- _Requirement_: Without any omission, reproduce the records that follow.

[Collected data entries]

-.-.-

lemma splitting_through_open_interval:
  assumes M: "maximal_elems J = {a, b}" and "a \<noteq> b"
    and l: "l \<in> P" "l < a" "l < b"
    and p: "p \<in> open_interval P l a" "p \<notin> open_interval P l b"
  shows "{down P a, down P b \<union> down P p} \<in> splittings P J"
    and "{down P a, down P b \<union> down P p} \<noteq> {down P a, down P b}"
proof -
  have aM: "a \<in> maximal_elems J" and bM: "b \<in> maximal_elems J" using M by auto
  have "p \<in> P" "l < p" "p < a" "\<not> p < b" using p l by (auto simp: open_interval_def)
  have "\<not> a \<le> b" "\<not> b \<le> a" using maximal_eq_if_le aM bM \<open>a \<noteq> b\<close> by blast+
  let ?K = "down P b \<union> down P p"
  have "connected_ideal P ?K"
    using connected_ideal_Un[OF connected_ideal_down[OF finite_P maximal_in_P[OF bM]]
        connected_ideal_down[OF finite_P \<open>p \<in> P\<close>], of l] l \<open>l < p\<close>
    by (auto intro: less_imp_le)
  moreover have "down P a \<union> ?K = J"
  proof -
    have "q \<le> a" if "q \<le> p" for q
      using that \<open>p < a\<close> by (meson le_less_trans less_imp_le)
    then have "down P a \<union> ?K = down P a \<union> down P b" by auto
    then show ?thesis by (simp only: down_Un_down_eq_if_maximal_elems_eq[OF M])
  qed
  moreover have "intersect_nontrivially (down P a) ?K"
  proof -
    have "l \<in> down P a \<inter> ?K" using l by (simp add: less_imp_le)
    moreover have "a \<in> down P a" "a \<notin> ?K"
      using maximal_in_P[OF aM] \<open>\<not> a \<le> b\<close> \<open>p < a\<close> by auto
    moreover have "b \<in> ?K" "b \<notin> down P a"
      using maximal_in_P[OF bM] \<open>\<not> b \<le> a\<close> by auto
    ultimately show ?thesis unfolding intersect_nontrivially_def by blast
  qed
  ultimately show "{down P a, ?K} \<in> splittings P J"
    using splittingsI connected_ideal_down[OF finite_P maximal_in_P[OF aM]] by blast
  have "b \<in> ?K" "b \<notin> down P a" using maximal_in_P[OF bM] \<open>\<not> b \<le> a\<close> by auto
  then have "?K \<noteq> down P a" by blast
  moreover have "p \<notin> down P b" using \<open>\<not> p < b\<close> \<open>p < a\<close> \<open>\<not> b \<le> a\<close> by (auto simp: less_le)
  then have "?K \<noteq> down P b" using \<open>p \<in> P\<close> by blast
  ultimately show "{down P a, ?K} \<noteq> {down P a, down P b}"
    by (simp only: doubleton_eq_iff) argo
qed

lemma connected_subideal_eq_down:
  assumes M: "maximal_elems J = {a, b}" and "a \<noteq> b"
    and intervals: "\<forall>l\<in>P. l < a \<and> l < b \<longrightarrow> open_interval P l a = open_interval P l b"
    and K: "connected_ideal P K" "K \<subseteq> J" "a \<in> K" "b \<notin> K"
  shows "K = down P a"
proof
  have aM: "a \<in> maximal_elems J" and bM: "b \<in> maximal_elems J" using M by auto
  show "down P a \<subseteq> K"
    using K(1) by (intro down_subset_order_ideal K(3)) (simp add: connected_ideal_def)
  show "K \<subseteq> down P a"
  proof
    fix x assume "x \<in> K"
    show "x \<in> down P a"
    proof (rule ccontr)
      assume "x \<notin> down P a"
      have "(a, x) \<in> (hasse_edges P K)\<^sup>*" "a \<in> down P a"
        using K \<open>x \<in> K\<close> maximal_in_P[OF aM] by (simp_all add: connected_ideal_def)
      from rtrancl_exit_edge[OF this \<open>x \<notin> down P a\<close>]
      obtain u v where uv: "(u, v) \<in> hasse_edges P K" "u \<in> down P a" "v \<notin> down P a"
        by blast
      have "v \<in> K" "v \<in> P" "u \<in> P" "covers P u v \<or> covers P v u"
        using uv(1) by (auto simp: hasse_edges_def covers_def)
      have "v \<in> down P a \<union> down P b"
        using K(2) \<open>v \<in> K\<close> by (simp only: down_Un_down_eq_if_maximal_elems_eq[OF M]) blast
      then have "v \<in> down P b" using uv(3) by blast
      then have "v < b" using \<open>v \<in> K\<close> K(4) by (auto simp: less_le)
      have "u \<le> a" using uv(2) by simp
      have "\<not> v \<le> a" using uv(3) \<open>v \<in> P\<close> by simp
      then have "u < v"
        using \<open>covers P u v \<or> covers P v u\<close> \<open>u \<le> a\<close>
        unfolding covers_def by (meson less_imp_le order_trans)
      then have "u < b" using \<open>v < b\<close> by (rule less_trans)
      moreover have "u \<noteq> a"
        using \<open>u < b\<close> maximal_eq_if_le[OF aM bM] \<open>a \<noteq> b\<close> by (metis less_imp_le)
      then have "u < a" using \<open>u \<le> a\<close> by simp
      ultimately have "open_interval P u b = open_interval P u a"
        using intervals \<open>u \<in> P\<close> by simp
      moreover have "v \<in> open_interval P u b"
        using \<open>v \<in> P\<close> \<open>u < v\<close> \<open>v < b\<close> by (simp add: open_interval_def)
      ultimately show False
        using \<open>\<not> v \<le> a\<close> by (simp add: open_interval_def less_imp_le)
    qed
  qed
qed

lemma open_interval_subset_if_card_splittings:
  assumes one: "card (splittings P J) = 1" and M: "maximal_elems J = {a, b}" and "a \<noteq> b"
    and l: "l \<in> P" "l < a" "l < b"
  shows "open_interval P l a \<subseteq> open_interval P l b"
proof
  fix p assume p: "p \<in> open_interval P l a"
  show "p \<in> open_interval P l b"
  proof (rule ccontr)
    assume "p \<notin> open_interval P l b"
    note second = splitting_through_open_interval[OF M \<open>a \<noteq> b\<close> l p this]
    from splitting_two_maximal[OF M \<open>a \<noteq> b\<close>] second(1) second(2)[symmetric]
    have "card (splittings P J) \<noteq> 1" by (rule card_ne_1_if_two_elements)
    then show False using one by contradiction
  qed
qed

-.-.-

- _Output of the exercise_:
lemma splitting_through_open_interval:
  assumes M: "maximal_elems J = {a, b}" and "a \<noteq> b"
    and l: "l \<in> P" "l < a" "l < b"
    and p: "p \<in> open_interval P l a" "p \<notin> open_interval P l b"
  shows "{down P a, down P b \<union> down P p} \<in> splittings P J"
    and "{down P a, down P b \<union> down P p} \<noteq> {down P a, down P b}"
proof -
  have aM: "a \<in> maximal_elems J" and bM: "b \<in> maximal_elems J" using M by auto
  have "p \<in> P" "l < p" "p < a" "\<not> p < b" using p l by (auto simp: open_interval_def)
  have "\<not> a \<le> b" "\<not> b \<le> a" using maximal_eq_if_le aM bM \<open>a \<noteq> b\<close> by blast+
  let ?K = "down P b \<union> down P p"
  have "connected_ideal P ?K"
    using connected_ideal_Un[OF connected_ideal_down[OF finite_P maximal_in_P[OF bM]]
        connected_ideal_down[OF finite_P \<open>p \<in> P\<close>], of l] l \<open>l < p\<close>
    by (auto intro: less_imp_le)
  moreover have "down P a \<union> ?K = J"
  proof -
    have "q \<le> a" if "q \<le> p" for q
      using that \<open>p < a\<close> by (meson le_less_trans less_imp_le)
    then have "down P a \<union> ?K = down P a \<union> down P b" by auto
    then show ?thesis by (simp only: down_Un_down_eq_if_maximal_elems_eq[OF M])
  qed
  moreover have "intersect_nontrivially (down P a) ?K"
  proof -
    have "l \<in> down P a \<inter> ?K" using l by (simp add: less_imp_le)
    moreover have "a \<in> down P a" "a \<notin> ?K"
      using maximal_in_P[OF aM] \<open>\<not> a \<le> b\<close> \<open>p < a\<close> by auto
    moreover have "b \<in> ?K" "b \<notin> down P a"
      using maximal_in_P[OF bM] \<open>\<not> b \<le> a\<close> by auto
    ultimately show ?thesis unfolding intersect_nontrivially_def by blast
  qed
  ultimately show "{down P a, ?K} \<in> splittings P J"
    using splittingsI connected_ideal_down[OF finite_P maximal_in_P[OF aM]] by blast
  have "b \<in> ?K" "b \<notin> down P a" using maximal_in_P[OF bM] \<open>\<not> b \<le> a\<close> by auto
  then have "?K \<noteq> down P a" by blast
  moreover have "p \<notin> down P b" using \<open>\<not> p < b\<close> \<open>p < a\<close> \<open>\<not> b \<le> a\<close> by (auto simp: less_le)
  then have "?K \<noteq> down P b" using \<open>p \<in> P\<close> by blast
  ultimately show "{down P a, ?K} \<noteq> {down P a, down P b}"
    by (simp only: doubleton_eq_iff) argo
qed

lemma connected_subideal_eq_down:
  assumes M: "maximal_elems J = {a, b}" and "a \<noteq> b"
    and intervals: "\<forall>l\<in>P. l < a \<and> l < b \<longrightarrow> open_interval P l a = open_interval P l b"
    and K: "connected_ideal P K" "K \<subseteq> J" "a \<in> K" "b \<notin> K"
  shows "K = down P a"
proof
  have aM: "a \<in> maximal_elems J" and bM: "b \<in> maximal_elems J" using M by auto
  show "down P a \<subseteq> K"
    using K(1) by (intro down_subset_order_ideal K(3)) (simp add: connected_ideal_def)
  show "K \<subseteq> down P a"
  proof
    fix x assume "x \<in> K"
    show "x \<in> down P a"
    proof (rule ccontr)
      assume "x \<notin> down P a"
      have "(a, x) \<in> (hasse_edges P K)\<^sup>*" "a \<in> down P a"
        using K \<open>x \<in> K\<close> maximal_in_P[OF aM] by (simp_all add: connected_ideal_def)
      from rtrancl_exit_edge[OF this \<open>x \<notin> down P a\<close>]
      obtain u v where uv: "(u, v) \<in> hasse_edges P K" "u \<in> down P a" "v \<notin> down P a"
        by blast
      have "v \<in> K" "v \<in> P" "u \<in> P" "covers P u v \<or> covers P v u"
        using uv(1) by (auto simp: hasse_edges_def covers_def)
      have "v \<in> down P a \<union> down P b"
        using K(2) \<open>v \<in> K\<close> by (simp only: down_Un_down_eq_if_maximal_elems_eq[OF M]) blast
      then have "v \<in> down P b" using uv(3) by blast
      then have "v < b" using \<open>v \<in> K\<close> K(4) by (auto simp: less_le)
      have "u \<le> a" using uv(2) by simp
      have "\<not> v \<le> a" using uv(3) \<open>v \<in> P\<close> by simp
      then have "u < v"
        using \<open>covers P u v \<or> covers P v u\<close> \<open>u \<le> a\<close>
        unfolding covers_def by (meson less_imp_le order_trans)
      then have "u < b" using \<open>v < b\<close> by (rule less_trans)
      moreover have "u \<noteq> a"
        using \<open>u < b\<close> maximal_eq_if_le[OF aM bM] \<open>a \<noteq> b\<close> by (metis less_imp_le)
      then have "u < a" using \<open>u \<le> a\<close> by simp
      ultimately have "open_interval P u b = open_interval P u a"
        using intervals \<open>u \<in> P\<close> by simp
      moreover have "v \<in> open_interval P u b"
        using \<open>v \<in> P\<close> \<open>u < v\<close> \<open>v < b\<close> by (simp add: open_interval_def)
      ultimately show False
        using \<open>\<not> v \<le> a\<close> by (simp add: open_interval_def less_imp_le)
    qed
  qed
qed

lemma open_interval_subset_if_card_splittings:
  assumes one: "card (splittings P J) = 1" and M: "maximal_elems J = {a, b}" and "a \<noteq> b"
    and l: "l \<in> P" "l < a" "l < b"
  shows "open_interval P l a \<subseteq> open_interval P l b"
proof
  fix p assume p: "p \<in> open_interval P l a"
  show "p \<in> open_interval P l b"
  proof (rule ccontr)
    assume "p \<notin> open_interval P l b"
    note second = splitting_through_open_interval[OF M \<open>a \<noteq> b\<close> l p this]
    from splitting_two_maximal[OF M \<open>a \<noteq> b\<close>] second(1) second(2)[symmetric]
    have "card (splittings P J) \<noteq> 1" by (rule card_ne_1_if_two_elements)
    then show False using one by contradiction
  qed
qed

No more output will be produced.